Loder, whose son had Tourette’s syndrome, also became actively involved with other families struggling with the neurological condition that causes unwanted sounds and tics. Along with Ross Preville, then president of the Florida chapter of the Tourette Syndrome Association, he helped launch a weekend event for families held every February in Brandon.

"We did it for years and John provided all the food," said Preville, a Raymond James executive whose son also had Tourette’s.

Loder never entirely left the food business. Three years ago in Treasure Island, he and Faust opened Captain Bill’s Beach Kitchen — the name of the first restaurant his father started after the family moved from New Jersey in the 1960s.

And former Tampa Bay Times reporter Scott Baranick, who once covered Loder’s troubles as a developer, was surprised to find him in the kitchen at St. Petersburg’s Temple Beth-el a few years ago helping him and other men do the cooking for an event.

"With all that restaurant experience, he could not have been nicer or more humble,’’ said Baranick, who also remembers Loder as unfailingly polite even when asked tough questions.

Loder didn’t know he had Jewish roots until he discovered that his maternal grandparents had changed their name from Rubenstein to Rubinski after fleeing persecution in Poland.
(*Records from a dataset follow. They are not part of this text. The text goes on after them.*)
lemma mset_block_lists_refine:
  "mset (block_lists (refine \<nu> \<sigma>)) = mset (concat (map (\<lambda>i. block_lists (\<sigma> i)) [0..<length (blocks \<nu>)]))"
proof -
  define Ls where "Ls = map (\<lambda>i. block_lists (\<sigma> i)) [0..<length (blocks \<nu>)]"
  have "distinct (concat (block_lists \<nu>))"
    using distinct_concat_block_lists Part_finite[OF I \<nu>] Part_block_finite[OF I \<nu>]
      Part_disjoint[OF \<nu>] by blast
  moreover have "map concat Ls = map (\<lambda>i. concat (block_lists (\<sigma> i))) [0..<length (blocks \<nu>)]"
    by (simp add: Ls_def)
  ultimately have flat: "distinct (concat (map concat Ls))"
    using mset_concat_eq_if_list_all2[OF mset_concat_block_lists_block_partitions]
      mset_eq_imp_distinct_iff by metis
  have fin: "finite (\<sigma> i)" "\<forall>B\<in>\<sigma> i. finite B" if "i < length (blocks \<nu>)" for i
    using Part_finite[OF _ block_partitions_nth[OF that]]
      Part_block_finite[OF _ block_partitions_nth[OF that]]
      Part_block_finite[OF I \<nu> blocks_nth_in_Part[OF I \<nu> that]] by auto
  have "sorted_list_of_set B \<noteq> []" if "i < length (blocks \<nu>)" "B \<in> \<sigma> i" for i B
    using refine_block_subset[OF that] fin(2)[OF that(1)] that(2) by simp
  hence "[] \<notin> set (concat Ls)" using fin(1) by (force simp: Ls_def set_block_lists)
  hence "distinct (concat Ls)"
    using flat[folded concat_concat, unfolded distinct_concat_iff] by (simp add: removeAll_id)
  moreover have "set (concat Ls) = sorted_list_of_set ` refine \<nu> \<sigma>"
    using fin(1) by (force simp: Ls_def refine_def set_block_lists)
  moreover have "finite (refine \<nu> \<sigma>)" using Part_finite[OF I refine_in_Part] .
  ultimately show ?thesis
    using distinct_block_lists set_eq_iff_mset_eq_distinct by (metis Ls_def set_block_lists)
qed

lemma list_perm_sign_sort_within_blocks:
  assumes "distinct (concat (map (\<lambda>i. concat (block_lists (\<sigma> i))) [0..<length (blocks \<nu>)]))"
  shows "list_perm_sign (concat (map (\<lambda>i. concat (block_lists (\<sigma> i))) [0..<length (blocks \<nu>)]))
      (concat (block_lists \<nu>)) = (\<Prod>i<length (blocks \<nu>). psign (\<sigma> i))"
proof -
  have "list_perm_sign (concat (map (\<lambda>i. concat (block_lists (\<sigma> i))) [0..<length (blocks \<nu>)]))
      (concat (block_lists \<nu>)) =
      (\<Prod>i<length (blocks \<nu>). list_perm_sign (concat (block_lists (\<sigma> i))) (block_lists \<nu> ! i))"
    using list_perm_sign_concat[OF mset_concat_block_lists_block_partitions assms] by simp
  also have "\<dots> = (\<Prod>i<length (blocks \<nu>). psign (\<sigma> i))"
  proof (rule prod.cong[OF refl])
    fix i assume "i \<in> {..<length (blocks \<nu>)}"
    hence "block_lists \<nu> ! i = sorted_list_of_set (\<Union>(\<sigma> i))"
      using block_lists_nth[OF Part_finite[OF I \<nu>]] Part_block_finite[OF I \<nu>]
        Union_Part[OF block_partitions_nth] by simp
    thus "list_perm_sign (concat (block_lists (\<sigma> i))) (block_lists \<nu> ! i) = psign (\<sigma> i)"
      by (simp only: psign_eq_list_perm_sign)
  qed
  finally show ?thesis .
qed

text \<open>Sort the concatenated blocks of the refinement in three stages: gather the blocks lying in
  each block of \<open>\<nu>\<close> (this moves only blocks of even length and costs no sign), sort within each
  block of \<open>\<nu>\<close> (giving the signs of the \<open>\<sigma> i\<close>), and sort across the blocks of \<open>\<nu>\<close>.\<close>
lemma psign_refine:
  assumes even: "\<forall>B\<in>refine \<nu> \<sigma>. even (card B)"
  shows "psign (refine \<nu> \<sigma>) = psign \<nu> * (\<Prod>i<length (blocks \<nu>). psign (\<sigma> i))"
proof -
  define Ls where "Ls = map (\<lambda>i. block_lists (\<sigma> i)) [0..<length (blocks \<nu>)]"
  define xs where "xs = concat (block_lists (refine \<nu> \<sigma>))"
  define zs where "zs = concat (map (\<lambda>i. concat (block_lists (\<sigma> i))) [0..<length (blocks \<nu>)])"
  define ys where "ys = concat (block_lists \<nu>)"
  define s where "s = sorted_list_of_set I"
  have \<mu>: "refine \<nu> \<sigma> \<in> Part I" using refine_in_Part .
  have mL: "mset (block_lists (refine \<nu> \<sigma>)) = mset (concat Ls)"
    using mset_block_lists_refine by (simp add: Ls_def)
  have zs: "zs = concat (concat Ls)" by (simp add: zs_def Ls_def concat_concat comp_def)
  have mzy: "mset zs = mset ys"
    unfolding zs_def ys_def using mset_concat_eq_if_list_all2[OF mset_concat_block_lists_block_partitions] .
  have mxz: "mset xs = mset zs" unfolding xs_def zs using mset_concat_eq[OF mL] .
  have mys: "mset ys = mset s"
    unfolding ys_def s_def using mset_concat_block_lists[OF I \<nu>] .
  have dx: "distinct xs"
    unfolding xs_def using distinct_concat_block_lists Part_finite[OF I \<mu>]
      Part_block_finite[OF I \<mu>] Part_disjoint[OF \<mu>] by blast
  have dz: "distinct zs" using dx mxz mset_eq_imp_distinct_iff by blast
  have "\<forall>l\<in>set (block_lists (refine \<nu> \<sigma>)). even (length l)"
    using even Part_finite[OF I \<mu>] by (simp add: set_block_lists)
  hence "list_perm_sign xs zs = 1"
    unfolding xs_def zs using list_perm_sign_concat_even_blocks[OF dx[unfolded xs_def] mL] by blast
  moreover have "list_perm_sign zs ys = (\<Prod>i<length (blocks \<nu>). psign (\<sigma> i))"
    unfolding zs_def ys_def using list_perm_sign_sort_within_blocks dz[unfolded zs_def] by blast
  moreover have "list_perm_sign ys s = psign \<nu>"
    unfolding ys_def s_def by (simp add: psign_eq_list_perm_sign Union_Part[OF \<nu>])
  moreover have "psign (refine \<nu> \<sigma>) = list_perm_sign xs zs * (list_perm_sign zs ys * list_perm_sign ys s)"
    unfolding psign_eq_list_perm_sign Union_Part[OF \<mu>] xs_def[symmetric] s_def[symmetric]
    using list_perm_sign_trans[OF dx mxz, of s] list_perm_sign_trans[OF dz mzy mys] mzy mys by simp
  ultimately show ?thesis by simp
qed
end

lemma inj_on_refine:
  assumes "finite I" "\<nu> \<in> Part I"
  shows "inj_on (refine \<nu>) (block_partitions \<nu>)"
proof (rule inj_onI)
  fix \<sigma> \<tau> assume st: "\<sigma> \<in> block_partitions \<nu>" "\<tau> \<in> block_partitions \<nu>" "refine \<nu> \<sigma> = refine \<nu> \<tau>"
  show "\<sigma> = \<tau>"
    using refine_blocks_within[OF assms st(1)] refine_blocks_within[OF assms st(2)] st
    by (intro PiE_ext[of _ "{..<length (blocks \<nu>)}" "\<lambda>i. Part (blocks \<nu> ! i)"])
      (auto simp: block_partitions_def)
qed

lemma Part_in_refine_image:
  assumes I: "finite I" and \<nu>: "\<nu> \<in> Part I" and \<mu>: "\<mu> \<in> Part I"
    and covered: "\<forall>i<length (blocks \<nu>). \<exists>\<pi>\<in>Part (blocks \<nu> ! i). \<pi> \<subseteq> \<mu>"
  shows "\<mu> \<in> refine \<nu> ` block_partitions \<nu>"
proof -
  define \<sigma> where "\<sigma> = (\<lambda>i\<in>{..<length (blocks \<nu>)}. SOME \<pi>. \<pi> \<in> Part (blocks \<nu> ! i) \<and> \<pi> \<subseteq> \<mu>)"
  have \<sigma>i: "\<sigma> i \<in> Part (blocks \<nu> ! i) \<and> \<sigma> i \<subseteq> \<mu>" if "i < length (blocks \<nu>)" for i
    using someI_ex[OF covered[rule_format, OF that, unfolded Bex_def]] that by (simp add: \<sigma>_def)
  hence \<sigma>: "\<sigma> \<in> block_partitions \<nu>" by (auto simp: block_partitions_def \<sigma>_def)
  have "refine \<nu> \<sigma> \<subseteq> \<mu>" using \<sigma>i by (auto simp: refine_def)
  hence "refine \<nu> \<sigma> = \<mu>"
    using Part_eq_if_subset_disjoint[OF refine_in_Part[OF I \<nu> \<sigma>] \<mu> Part_disjoint[OF \<mu>]] by blast
  thus ?thesis using \<sigma> by blast
qed

section \<open>Multilinear maps\<close>

lemma multilinear_on_in:
  "multilinear_on Es T f \<Longrightarrow> length xs = length Es \<Longrightarrow> \<forall>i<length Es. xs ! i \<in> Es ! i \<Longrightarrow> f xs \<in> T"
  unfolding multilinear_on_def by blast

lemma multilinear_on_update:
  assumes "multilinear_on Es T f" "length xs = length Es" "\<forall>i<length Es. xs ! i \<in> Es ! i"
    "i < length Es" "y \<in> Es ! i" "z \<in> Es ! i"
  shows "f (xs[i := a *\<^sub>R y + b *\<^sub>R z]) = a *\<^sub>R f (xs[i := y]) + b *\<^sub>R f (xs[i := z])"
  using assms unfolding multilinear_on_def by blast
lemma rook_gdist_set_le_1_iff:
  assumes "s \<in> rook_verts m n" "X \<subseteq> rook_verts m n" "finite X" "X \<noteq> {}"
  shows "gdist_set rook_adj (rook_verts m n) s X \<le> 1 \<longleftrightarrow> shares_line s X"
proof -
  have "gdist rook_adj (rook_verts m n) s x \<le> 1 \<longleftrightarrow> fst s = fst x \<or> snd s = snd x"
    if "x \<in> X" for x
  proof -
    have "x \<in> rook_verts m n" using that assms(2) by blast
    then show ?thesis using rook_gdist[OF assms(1)] by simp
  qed
  then show ?thesis using gdist_set_le_iff[OF assms(3,4), of _ _ s 1]
    unfolding shares_line_def by auto
qed

lemma card_le_2_obtain:
  assumes "finite X" "X \<noteq> {}" "card X \<le> 2"
  obtains p q where "X = {p, q}"
proof -
  have "card X = 1 \<or> card X = 2" using assms card_gt_0_iff[of X] by linarith
  then show thesis
  proof
    assume "card X = 1"
    then obtain p where "X = {p}" by (rule card_1_singletonE)
    then show thesis using that[of p p] by simp
  next
    assume "card X = 2"
    then show thesis using that by (auto simp: card_2_iff)
  qed
qed

lemma subset_doubleton_card_ge_2:
  assumes "A \<subseteq> {x, y}" "2 \<le> card A"
  shows "A = {x, y}" "x \<noteq> y"
proof -
  have "card A \<le> card {x, y}" using assms(1) by (intro card_mono) auto
  moreover have "card {x, y} \<le> 2" by (simp add: card_insert_if)
  ultimately have "card A = card {x, y}" "card {x, y} = 2" using assms(2) by simp_all
  then show "A = {x, y}" using assms(1) by (intro card_subset_eq) auto
  show "x \<noteq> y" using \<open>card {x, y} = 2\<close> by auto
qed

lemma obtain_two_below_avoiding:
  fixes F :: "nat set"
  assumes "finite F" "card F + 2 \<le> m"
  obtains c c' where "c < m" "c' < m" "c \<noteq> c'" "c \<notin> F" "c' \<notin> F"
proof -
  have "card {..<m} - card F \<le> card ({..<m} - F)"
    using assms(1) by (rule diff_card_le_card_Diff)
  then have "Suc (Suc 0) \<le> card ({..<m} - F)" using assms(2) by simp
  then obtain c B where "{..<m} - F = insert c B" "c \<notin> B" "Suc 0 \<le> card B"
    by (auto simp: card_le_Suc_iff)
  then obtain c' where "c' \<in> B" by (auto simp: card_le_Suc_iff)
  then show thesis using that \<open>{..<m} - F = insert c B\<close> \<open>c \<notin> B\<close> by blast
qed

definition rook_unresolved ::
    "(nat \<times> nat) set \<Rightarrow> (nat \<times> nat) set \<Rightarrow> (nat \<times> nat) set \<Rightarrow> bool" where
  "rook_unresolved S X Y \<longleftrightarrow>
     (\<forall>s\<in>S. (s \<in> X \<longleftrightarrow> s \<in> Y) \<and> (shares_line s X \<longleftrightarrow> shares_line s Y))"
He and Faust, who is Jewish, began going to Temple Beth-el, where he joined the fund-raising Boyz in the Hood culinary group.

"Johnny could handle anything you threw at him and brought a sense of fun and great humor every time he was in the kitchen," said Lewis Kroll, who was in the restaurant supply business when he first met Loder through Crabby Bill’s. "He had the ability all his life to make you smile."